If there's not room, put some pieces of fuel line on a pair of needle-nose vise grips and clamp the line.


----------



## strtch5881 (Oct 6, 2018)

I use a cheap set of forceps to clamp the fuel line. You would not believe how often these get used.


----------



## 2.137269 (Nov 15, 2019)

for the OP i moved the thread to the troybuilt section in hopes of it getting more help for him from the other brand owning members


----------



## NWRider (Jan 6, 2020)

Wendall said:


> My roommate won't get off his lazy ass and clean the carb on this snowblower! Which is what he said needs to be done.
> 
> It ran for a short time a couple days ago but now just turns over but won't start. He put a new spark plug in and new gas. Does this model have a gas shut-off? I'd like to try to fix it but can't figure out how to shut off the gas. Otherwise I'll have to drain it, right? Have never done anything like this but willing to try. Help! Thanks!

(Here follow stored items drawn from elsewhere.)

theorem proposition3p1:
  fixes L M P :: "'a::banach \<Rightarrow>\<^sub>L 'a" and \<delta> t :: real and n :: nat
  assumes contractive_semigroup: "\<And>s. s \<ge> 0 \<Longrightarrow> norm (bl_exp (s *\<^sub>R L)) \<le> 1"
    and M_contraction: "norm M \<le> 1"
    and P_projection: "P o\<^sub>L P = P"
    and \<delta>_range: "0 < \<delta>" "\<delta> < 1"
    and M_conv: "\<And>k::nat. k \<ge> 1 \<Longrightarrow> norm (bl_pow M k - P) \<le> \<delta> ^ k"
    and t_nonneg: "t \<ge> 0"
    and n_pos: "n \<ge> 1"
  shows "let cp = norm (id_blinfun - P);
             eb = (SUP s\<in>{0..t}. norm (bl_exp (s *\<^sub>R (P o\<^sub>L L o\<^sub>L P))));
             l = norm L
         in norm (bl_pow (M o\<^sub>L bl_exp ((t / real n) *\<^sub>R L)) n
                  - (bl_exp (t *\<^sub>R (P o\<^sub>L L o\<^sub>L P)) o\<^sub>L P))
            \<le> cp * t * l / real n
              + (cp + (1 + eb) * (1 + cp ^ 2)) / 2 * (t ^ 2 * l ^ 2 / real n)
              + \<delta> ^ n
              + 2 * \<delta> / (1 - \<delta>) * (exp (3 * t * l * cp) / real n)"
proof -
  define eb where "eb = (SUP s\<in>{0..t}. norm (bl_exp (s *\<^sub>R (P o\<^sub>L L o\<^sub>L P))))"
  have eb_upper: "norm (bl_exp (s *\<^sub>R (P o\<^sub>L L o\<^sub>L P))) \<le> eb" if "s \<in> {0..t}" for s
    unfolding eb_def using that bdd_above_norm_bl_exp by (rule cSUP_upper)
  interpret trotter_product "of_blinfun L" "of_blinfun M" "of_blinfun P" \<delta> t eb n
    by (rule trotter_product_of_blinfun[OF assms eb_upper])
  have "norm (P o\<^sub>L L o\<^sub>L P) \<le> norm L"
    using P_contraction by (intro norm_compose_projection_le) (simp add: opnorm_of_blinfun)
  then have eb_exp: "eb \<le> exp (t * norm L)"
    unfolding eb_def using t_nonneg by (intro cSUP_least norm_bl_exp_scaleR_le) auto
  have eb_one: "eb \<le> 1" if "norm (id_blinfun - P) = 0"
  proof -
    have "P o\<^sub>L L o\<^sub>L P = L"
      using that by (intro blinfun_eqI) simp
    then show ?thesis
      unfolding eb_def using contractive_semigroup t_nonneg by (intro cSUP_least) auto
  qed
  have lhs: "norm (bl_pow (M o\<^sub>L bl_exp ((t / real n) *\<^sub>R L)) n - (bl_exp (t *\<^sub>R (P o\<^sub>L L o\<^sub>L P)) o\<^sub>L P))
      = opnorm ((of_blinfun M * exp ((t / real n) *\<^sub>R of_blinfun L)) ^ n
          - exp (t *\<^sub>R (of_blinfun P * of_blinfun L * of_blinfun P)) * of_blinfun P)"
    and cp: "opnorm (1 - of_blinfun P) = norm (id_blinfun - P)"
    by (simp_all add: to_blinfun_simps)
  show ?thesis
    unfolding Let_def lhs eb_def[symmetric]
    by (rule order_trans[OF error_bound[unfolded cp opnorm_of_blinfun]
          trotter_bound_arith[OF \<delta>_range n_pos t_nonneg norm_ge_zero
            opnorm_complement_cases[unfolded cp] eb_nonneg eb_exp eb_one]])
qed
(* Consider the linear regression model $y=X\theta+u$ (context) with fixed $\sigma>0$. Suppose that for a given $i\ge1$ with $i\le k=k(n)$ for all large enough $n$, the tuning parameters satisfy $\xi_{i,n}\eta_{i,n}\to0$ and $n^{1/2}\eta_{i,n}\to\infty$. Let $\hat\theta_i$ denote any one of $\hat\theta_{H,i}$, $\hat\theta_{S,i}$, $\hat\theta_{AS,i}$, and for $d\ge0$ let $D_{i,n}=[\hat\theta_i-\sigma d\xi_{i,n}\eta_{i,n},\hat\theta_i+\sigma d\xi_{i,n}\eta_{i,n}]$. Then $\lim_{n\to\infty}\inf_{\theta\in\mathbb{R}^k}P_{n,\theta,\sigma}(\theta_i\in D_{i,n})$ equals $1$ if $d>1$, equals $1/2$ if $d=1$, and equals $0$ if $d<1$.
   Context: Model: for each sample size $n$, $y=X\theta+u$ with $y\in\mathbb{R}^n$, $X$ a non-stochastic $n\times k$ matrix of rank $k\ge1$ ($k=k(n)$ and all entries may depend on $n$), $\theta\in\mathbb{R}^k$, $u\sim N(0,\sigma^2I_n)$. $P_{n,\theta,\sigma}$ is the probability under $(\theta,\sigma)$ at sample size $n$. $\hat\theta_{LS}=(X'X)^{-1}X'y$. $\xi_{i,n}\ge0$ with $\xi_{i,n}^2=((X'X/n)^{-1})_{ii}$. Standing assumption for asymptotic results: $\sup_n\xi_{i,n}^2/n<\infty$ for every fixed $i$ with $i\le k(n)$ for large $n$. Tuning parameters $\eta_{i,n}>0$. Estimators: $\hat\theta_{H,i}=\hat\theta_{LS,i}\mathbf{1}(|\hat\theta_{LS,i}|>\sigma\xi_{i,n}\eta_{i,n})$; $\hat\theta_{S,i}=\operatorname{sgn}(\hat\theta_{LS,i})(|\hat\theta_{LS,i}|-\sigma\xi_{i,n}\eta_{i,n})_+$; $\hat\theta_{AS,i}=\hat\theta_{LS,i}(1-\sigma^2\xi_{i,n}^2\eta_{i,n}^2/\hat\theta_{LS,i}^2)_+$. *)

theory Defs
  imports "HOL-Probability.Probability" "Jordan_Normal_Form.DL_Rank" "Jordan_Normal_Form.Gauss_Jordan_Elimination"
begin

Which model Troy Bilt do you have or is it even a Troy Bilt snowblower?


----------



## 2.137269 (Nov 15, 2019)

NWRider said:


> Which model Troy Bilt do you have or is it even a Troy Bilt snowblower?


Snow king Storm 5024 i'm in a wrong here i improperly moved his thread and am trying to move it back

it's in Snow king Storm 5024 won't start in the new member area


----------



## Shovel (Mar 26, 2019)

Wendall said:


> My roommate won't get off his lazy ass and clean the carb on this snowblower! Which is what he said needs to be done.
> 
> It ran for a short time a couple days ago but now just turns over but won't start. He put a new spark plug in and new gas. Does this model have a gas shut-off? I'd like to try to fix it but can't figure out how to shut off the gas. Otherwise I'll have to drain it, right? Have never done anything like this but willing to try. Help! Thanks!


You may get by with just cleaning the main. You only have to drop the bowl to do that

Sent from my LM-Q710.FG using Tapatalk


----------



## crazzywolfie (Jun 2, 2014)

put a piece of plastic under the gas cap and then flip the machine onto the bucket. no gas should come out other than what is already in the float bowl.


----------



## Fat City (Feb 11, 2017)

We all started somewhere . Here's my advice ... Pry off [ Red Plastic ] choke knob, that will expose 2 small screws that hold the ' Heat Box ' to the carb. Next remove the larger screws that hold the heat box to the blower housing . Now you can get at the carb bowl. Yes, you can tip the machine, or remove the bowl with the heat box still in place . I don't recommend a beginner do this, as putting the carb back together will be a major challenge. With the box off, remove the bowl nut, lower bowl, make sure gasket stays in place on the carb body. Examine bottom of bowl for water drops, and dirt. Snow Blower carbs don't get too dirty, the problem is usually water build up, or foul fuel residue. A blast of spray carb [ or brake ] cleaner cleans bowl nicely. Some bowl nuts are also carb jets, others are simply a plug style bolt.
If yours is the jet, blast it with cleaner . Put the bowl back on, turn on gas. Leave the heat box off until fixed.


Spray cleaner into carb ' mouth ', crank engine, if it runs a few seconds, than dies, carb is very plugged . Try this a few times, as sometimes it takes awhile to restore fuel flow. If all else fails, watch some YOU TUBE videos, as this is a common problem.


----------